(ASSIGNMENT)
You are asked to filter the data below and copy every line holding "length".

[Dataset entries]
* * * * * * *

lemma intervened_adjacent_if_d_connected:
  assumes acyclic: "acyclic E"
    and adjacent: "(X, T) \<in> E \<or> (T, X) \<in> E"
    and connected: "\<not> d_separated V (intervened_edges E U) T X {}"
  shows "(X, T) \<in> intervened_edges E U \<or> (T, X) \<in> intervened_edges E U"
proof (rule ccontr)
  assume cut: "\<not> ?thesis"
  define F where "F = intervened_edges E U"
  obtain p where trail: "is_trail V F p T X" and "active_trail F {} p"
    using connected unfolding d_separated_def F_def by blast
  then have steps: "trail_steps F p" and cf: "collider_free F p" and len: "length p \<ge> 2"
    by (auto simp: trail_steps_if_is_trail active_trail_empty_iff_collider_free is_trail_def)
  have hd: "p ! 0 = T" and lst: "p ! (length p - 1) = X"
    using trail len unfolding is_trail_def
    by (metis hd_conv_nth last_conv_nth list.size(3) not_numeral_le_zero)+
  have FE: "F\<^sup>* \<subseteq> E\<^sup>*" using rtrancl_mono[OF intervened_edges_subset] F_def by simp
  have into_U: "(a, b) \<in> E \<Longrightarrow> (a, b) \<notin> F \<Longrightarrow> b \<in> U" for a b
    unfolding F_def intervened_edges_def by simp
  have not_into_U: "(a, b) \<in> F \<Longrightarrow> b \<notin> U" for a b
    unfolding F_def intervened_edges_def by simp
  show False
  proof (cases "(X, T) \<in> E")
    case True
    then have "T \<in> U" using cut into_U F_def by blast
    then have "(p ! 1, p ! 0) \<notin> F" using not_into_U hd by blast
    then have "(p ! 0, p ! 1) \<in> F" using steps len unfolding trail_steps_def by force
    then have "(T, X) \<in> E\<^sup>*"
      using collider_free_trail_forward_path[OF steps cf len] hd lst FE by auto
    with True have "(X, X) \<in> E\<^sup>+" by (meson rtrancl_into_trancl2)
    then show False using acyclic unfolding acyclic_def by blast
  next
    case False
    then have TX: "(T, X) \<in> E" using adjacent by simp
    then have "X \<in> U" using cut into_U F_def by blast
    moreover have last_step: "Suc (length p - 2) = length p - 1" "Suc (length p - 2) < length p"
      using len by auto
    ultimately have "(p ! (length p - 2), p ! (length p - 1)) \<notin> F"
      using not_into_U lst by blast
    then have "(p ! (length p - 1), p ! (length p - 2)) \<in> F"
      using steps last_step unfolding trail_steps_def by metis
    then have "(X, T) \<in> E\<^sup>*"
      using collider_free_trail_backward_path[OF steps cf len] hd lst FE by auto
    with TX have "(T, T) \<in> E\<^sup>+" by (meson rtrancl_into_trancl2)
    then show False using acyclic unfolding acyclic_def by blast
  qed
qed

* * * * * * *

(WRITTEN REPLY)
  then have steps: "trail_steps F p" and cf: "collider_free F p" and len: "length p \<ge> 2"
  have hd: "p ! 0 = T" and lst: "p ! (length p - 1) = X"
    moreover have last_step: "Suc (length p - 2) = length p - 1" "Suc (length p - 2) < length p"
    ultimately have "(p ! (length p - 2), p ! (length p - 1)) \<notin> F"
    then have "(p ! (length p - 1), p ! (length p - 2)) \<in> F"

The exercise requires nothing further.